* Exercise aim *
Retype, without any change, the first line of the records and every line after it through the one containing "sqrt (Re (mtrace".

* Data section *
(* Let $U,V\in U(2^n)$ satisfy $D(U,V)\le\epsilon$. Then for every $P\in\mathcal{P}_n$, $$D(UPU^T, VPV^T)\le 2\epsilon,$$ where the transpose is taken in the computational basis.
   Context: For $d\times d$ unitaries ($d=2^n$), $D(U_1,U_2)=\frac{1}{\sqrt{2d^2}}\|U_1\otimes U_1^*-U_2\otimes U_2^*\|_2$ with $\|A\|_2=\sqrt{\mathrm{Tr}[A^\dagger A]}$ the Frobenius norm; equivalently $D(U_1,U_2)=\sqrt{1-\frac{1}{d^2}|\mathrm{Tr}[U_1U_2^\dagger]|^2}$. $\mathcal{P}_n$ is the $n$-qubit Pauli group, consisting of $i^k P_1\otimes\cdots\otimes P_n$ with $P_j\in\{I,X,Y,Z\}$, $k\in\{0,1,2,3\}$. *)

theory Defs
  imports "Jordan_Normal_Form.Matrix"
begin

definition cconj :: "complex mat \<Rightarrow> complex mat" where
  "cconj A = map_mat cnj A"

definition dagger :: "complex mat \<Rightarrow> complex mat" where
  "dagger A = transpose_mat (cconj A)"

definition unitary :: "nat \<Rightarrow> complex mat \<Rightarrow> bool" where
  "unitary d U \<longleftrightarrow> U \<in> carrier_mat d d \<and> U * dagger U = 1\<^sub>m d \<and> dagger U * U = 1\<^sub>m d"

definition kron :: "complex mat \<Rightarrow> complex mat \<Rightarrow> complex mat" where
  "kron A B = mat (dim_row A * dim_row B) (dim_col A * dim_col B)
     (\<lambda>(i,j). A $$ (i div dim_row B, j div dim_col B) * B $$ (i mod dim_row B, j mod dim_col B))"

definition mtrace :: "complex mat \<Rightarrow> complex" where
  "mtrace A = (\<Sum>i<dim_row A. A $$ (i,i))"

definition frob :: "complex mat \<Rightarrow> real" where
  "frob A = sqrt (Re (mtrace (dagger A * A)))"

definition Dist :: "complex mat \<Rightarrow> complex mat \<Rightarrow> real" where
  "Dist U1 U2 = frob (kron U1 (cconj U1) - kron U2 (cconj U2)) / sqrt (2 * (real (dim_row U1))^2)"

definition pI :: "complex mat" where "pI = mat_of_rows_list 2 [[1,0],[0,1]]"
definition pX :: "complex mat" where "pX = mat_of_rows_list 2 [[0,1],[1,0]]"
definition pY :: "complex mat" where "pY = mat_of_rows_list 2 [[0,-\<i>],[\<i>,0]]"
definition pZ :: "complex mat" where "pZ = mat_of_rows_list 2 [[1,0],[0,-1]]"

fun kron_list :: "complex mat list \<Rightarrow> complex mat" where
  "kron_list [] = 1\<^sub>m 1"
| "kron_list (A # As) = kron A (kron_list As)"

definition pauli_group :: "nat \<Rightarrow> complex mat set" where
  "pauli_group n = {(\<i> ^ k) \<cdot>\<^sub>m kron_list ps | k ps.
      k < 4 \<and> length ps = n \<and> set ps \<subseteq> {pI, pX, pY, pZ}}"

end

theory Submission
  imports Defs "HOL-Analysis.L2_Norm"
begin

(* Writing K W = W \<otimes> W^*, the map K is multiplicative and commutes with transposition, so
   K (U P U^T) = K U \<cdot> K P \<cdot> (K U)^T. For unitaries A, B, P one has
   A P A^T - B P B^T = (A P)(A - B)^T + (A - B)(P B^T); both outer factors are unitary, and the
   Frobenius norm is invariant under unitary multiplication and under transposition, so
   ||A P A^T - B P B^T||_2 \<le> 2 ||A - B||_2. Applied to A = K U, B = K V this is the claim. *)

lemma sum_lessThan_mult:
  fixes f :: "nat \<Rightarrow> 'a::comm_monoid_add"
  shows "(\<Sum>t<m * n. f t) = (\<Sum>a<m. \<Sum>b<n. f (a * n + b))"
proof -
  have "(\<Sum>t<m * n. f t) = (\<Sum>a<m. sum f {a * n..<a * n + n})"
    by (simp add: sum.nat_group)
  also have "\<dots> = (\<Sum>a<m. \<Sum>b<n. f (a * n + b))"
  proof (rule sum.cong[OF refl])
    fix a
    show "sum f {a * n..<a * n + n} = (\<Sum>b<n. f (a * n + b))"
      using sum.shift_bounds_nat_ivl[of f 0 "a * n" n] by (simp add: atLeast0LessThan add.commute)
  qed
  finally show ?thesis .
qed

lemma div_mod_less_of_less_mult: "(i::nat) < a * b \<Longrightarrow> i div b < a \<and> i mod b < b"
  by (cases "b = 0") (auto simp: less_mult_imp_div_less)

lemma mult_add_less_mult: "(a::nat) < m \<Longrightarrow> b < n \<Longrightarrow> a * n + b < m * n"
proof -
  assume "a < m" "b < n"
  then have "a * n + b < Suc a * n" by simp
  also have "\<dots> \<le> m * n" using \<open>a < m\<close> by (intro mult_le_mono1) simp
  finally show ?thesis .
qed

subsection \<open>Kronecker product\<close>

lemma dim_kron [simp]:
  "dim_row (kron A B) = dim_row A * dim_row B"
  "dim_col (kron A B) = dim_col A * dim_col B"
  by (simp_all add: kron_def)

lemma index_kron [simp]:
  "i < dim_row A * dim_row B \<Longrightarrow> j < dim_col A * dim_col B \<Longrightarrow>
   kron A B $$ (i, j) = A $$ (i div dim_row B, j div dim_col B) * B $$ (i mod dim_row B, j mod dim_col B)"
  by (simp add: kron_def)

lemma kron_carrier_mat:
  "A \<in> carrier_mat ra ca \<Longrightarrow> B \<in> carrier_mat rb cb \<Longrightarrow> kron A B \<in> carrier_mat (ra * rb) (ca * cb)"
  by auto

lemma kron_mult:
  assumes A: "A \<in> carrier_mat ra ca" and C: "C \<in> carrier_mat ca cc"
    and B: "B \<in> carrier_mat rb cb" and D: "D \<in> carrier_mat cb cd"
  shows "kron (A * C) (B * D) = kron A B * kron C D"
proof (rule eq_matI)
  fix i j assume "i < dim_row (kron A B * kron C D)" and "j < dim_col (kron A B * kron C D)"
  then have i: "i < ra * rb" and j: "j < cc * cd" using A B C D by auto
  have "(kron A B * kron C D) $$ (i, j) = (\<Sum>t<ca * cb. kron A B $$ (i, t) * kron C D $$ (t, j))"
    using i j A B C D by (simp add: scalar_prod_def lessThan_atLeast0)
  also have "\<dots> = (\<Sum>a<ca. \<Sum>b<cb.
      (A $$ (i div rb, a) * C $$ (a, j div cd)) * (B $$ (i mod rb, b) * D $$ (b, j mod cd)))"
    unfolding sum_lessThan_mult using i j A B C D
    by (intro sum.cong refl) (simp add: mult_add_less_mult mult_ac)
  also have "\<dots> = (\<Sum>a<ca. A $$ (i div rb, a) * C $$ (a, j div cd))
                 * (\<Sum>b<cb. B $$ (i mod rb, b) * D $$ (b, j mod cd))"
    by (simp add: sum_product)
  also have "\<dots> = kron (A * C) (B * D) $$ (i, j)"
    using i j A B C D div_mod_less_of_less_mult[OF i] div_mod_less_of_less_mult[OF j]
    by (simp add: scalar_prod_def lessThan_atLeast0)
  finally show "kron (A * C) (B * D) $$ (i, j) = (kron A B * kron C D) $$ (i, j)" by simp
qed (use A B C D in auto)

lemma transpose_kron: "transpose_mat (kron A B) = kron (transpose_mat A) (transpose_mat B)"
  by (rule eq_matI) (auto simp: div_mod_less_of_less_mult)

lemma kron_one_mat: "kron (1\<^sub>m a) (1\<^sub>m b) = 1\<^sub>m (a * b)"
proof (rule eq_matI)
  fix i j assume "i < dim_row (1\<^sub>m (a * b))" "j < dim_col (1\<^sub>m (a * b))"
  moreover have "(i div b = j div b \<and> i mod b = j mod b) = (i = j)"
    by (metis div_mult_mod_eq)
  ultimately show "kron (1\<^sub>m a) (1\<^sub>m b) $$ (i, j) = 1\<^sub>m (a * b) $$ (i, j)"
    using div_mod_less_of_less_mult[of i a b] div_mod_less_of_less_mult[of j a b] by auto
qed auto

subsection \<open>Conjugation and adjoint\<close>

lemma dim_cconj [simp]: "dim_row (cconj A) = dim_row A" "dim_col (cconj A) = dim_col A"
  by (simp_all add: cconj_def)

lemma index_cconj [simp]: "i < dim_row A \<Longrightarrow> j < dim_col A \<Longrightarrow> cconj A $$ (i, j) = cnj (A $$ (i, j))"
  by (simp add: cconj_def)

lemma cconj_carrier_mat [simp]: "cconj A \<in> carrier_mat a b \<longleftrightarrow> A \<in> carrier_mat a b"
  by (simp add: cconj_def)

lemma dim_dagger [simp]: "dim_row (dagger A) = dim_col A" "dim_col (dagger A) = dim_row A"
  by (simp_all add: dagger_def)

lemma index_dagger [simp]: "i < dim_col A \<Longrightarrow> j < dim_row A \<Longrightarrow> dagger A $$ (i, j) = cnj (A $$ (j, i))"
  by (simp add: dagger_def)

lemma dagger_carrier_mat [simp]: "dagger A \<in> carrier_mat a b \<longleftrightarrow> A \<in> carrier_mat b a"
  by (simp add: dagger_def)

lemma cconj_mult:
  "A \<in> carrier_mat a b \<Longrightarrow> B \<in> carrier_mat b c \<Longrightarrow> cconj (A * B) = cconj A * cconj B"
  by (rule eq_matI) (auto simp: scalar_prod_def cnj_sum)

lemma dagger_mult:
  assumes "A \<in> carrier_mat a b" and "B \<in> carrier_mat b c"
  shows "dagger (A * B) = dagger B * dagger A"
  unfolding dagger_def cconj_mult[OF assms]
  by (rule transpose_mult[of _ a b]) (use assms in auto)

lemma cconj_one_mat [simp]: "cconj (1\<^sub>m n) = 1\<^sub>m n"
  by (rule eq_matI) auto

lemma dagger_one_mat [simp]: "dagger (1\<^sub>m n) = 1\<^sub>m n"
  by (rule eq_matI) auto

lemma dagger_cconj: "dagger (cconj A) = cconj (dagger A)"
  by (rule eq_matI) auto

lemma cconj_transpose: "cconj (transpose_mat A) = transpose_mat (cconj A)"
  by (rule eq_matI) auto

lemma dagger_transpose: "dagger (transpose_mat A) = transpose_mat (dagger A)"
  by (rule eq_matI) auto

lemma dagger_kron: "dagger (kron A B) = kron (dagger A) (dagger B)"
  by (rule eq_matI) (auto simp: div_mod_less_of_less_mult)

lemma dagger_smult: "dagger (c \<cdot>\<^sub>m A) = cnj c \<cdot>\<^sub>m dagger A"
  by (rule eq_matI) auto

subsection \<open>Unitary matrices\<close>

lemma unitaryD:
  assumes "unitary d U"
  shows "U \<in> carrier_mat d d" "U * dagger U = 1\<^sub>m d" "dagger U * U = 1\<^sub>m d"
  using assms by (auto simp: unitary_def)

lemma unitary_one_mat: "unitary n (1\<^sub>m n)"
  by (simp add: unitary_def)

lemma unitary_mult:
  assumes A: "unitary d A" and B: "unitary d B"
  shows "unitary d (A * B)"
proof -
  have Ac: "A \<in> carrier_mat d d" and Bc: "B \<in> carrier_mat d d"
    and dAc: "dagger A \<in> carrier_mat d d" and dBc: "dagger B \<in> carrier_mat d d"
    using A B unitaryD by auto
  have "A * B * dagger (A * B) = A * (B * dagger B) * dagger A"
    using Ac Bc dAc dBc by (simp add: dagger_mult[OF Ac Bc] assoc_mult_mat[of _ d d _ d _ d])
  moreover have "dagger (A * B) * (A * B) = dagger B * (dagger A * A) * B"
    using Ac Bc dAc dBc by (simp add: dagger_mult[OF Ac Bc] assoc_mult_mat[of _ d d _ d _ d])
  ultimately show ?thesis
    using Ac Bc dAc dBc unitaryD[OF A] unitaryD[OF B] by (simp add: unitary_def)
qed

* Completed task *
(* Let $U,V\in U(2^n)$ satisfy $D(U,V)\le\epsilon$. Then for every $P\in\mathcal{P}_n$, $$D(UPU^T, VPV^T)\le 2\epsilon,$$ where the transpose is taken in the computational basis.
   Context: For $d\times d$ unitaries ($d=2^n$), $D(U_1,U_2)=\frac{1}{\sqrt{2d^2}}\|U_1\otimes U_1^*-U_2\otimes U_2^*\|_2$ with $\|A\|_2=\sqrt{\mathrm{Tr}[A^\dagger A]}$ the Frobenius norm; equivalently $D(U_1,U_2)=\sqrt{1-\frac{1}{d^2}|\mathrm{Tr}[U_1U_2^\dagger]|^2}$. $\mathcal{P}_n$ is the $n$-qubit Pauli group, consisting of $i^k P_1\otimes\cdots\otimes P_n$ with $P_j\in\{I,X,Y,Z\}$, $k\in\{0,1,2,3\}$. *)

theory Defs
  imports "Jordan_Normal_Form.Matrix"
begin

definition cconj :: "complex mat \<Rightarrow> complex mat" where
  "cconj A = map_mat cnj A"

definition dagger :: "complex mat \<Rightarrow> complex mat" where
  "dagger A = transpose_mat (cconj A)"

definition unitary :: "nat \<Rightarrow> complex mat \<Rightarrow> bool" where
  "unitary d U \<longleftrightarrow> U \<in> carrier_mat d d \<and> U * dagger U = 1\<^sub>m d \<and> dagger U * U = 1\<^sub>m d"

definition kron :: "complex mat \<Rightarrow> complex mat \<Rightarrow> complex mat" where
  "kron A B = mat (dim_row A * dim_row B) (dim_col A * dim_col B)
     (\<lambda>(i,j). A $$ (i div dim_row B, j div dim_col B) * B $$ (i mod dim_row B, j mod dim_col B))"

definition mtrace :: "complex mat \<Rightarrow> complex" where
  "mtrace A = (\<Sum>i<dim_row A. A $$ (i,i))"

definition frob :: "complex mat \<Rightarrow> real" where
  "frob A = sqrt (Re (mtrace (dagger A * A)))"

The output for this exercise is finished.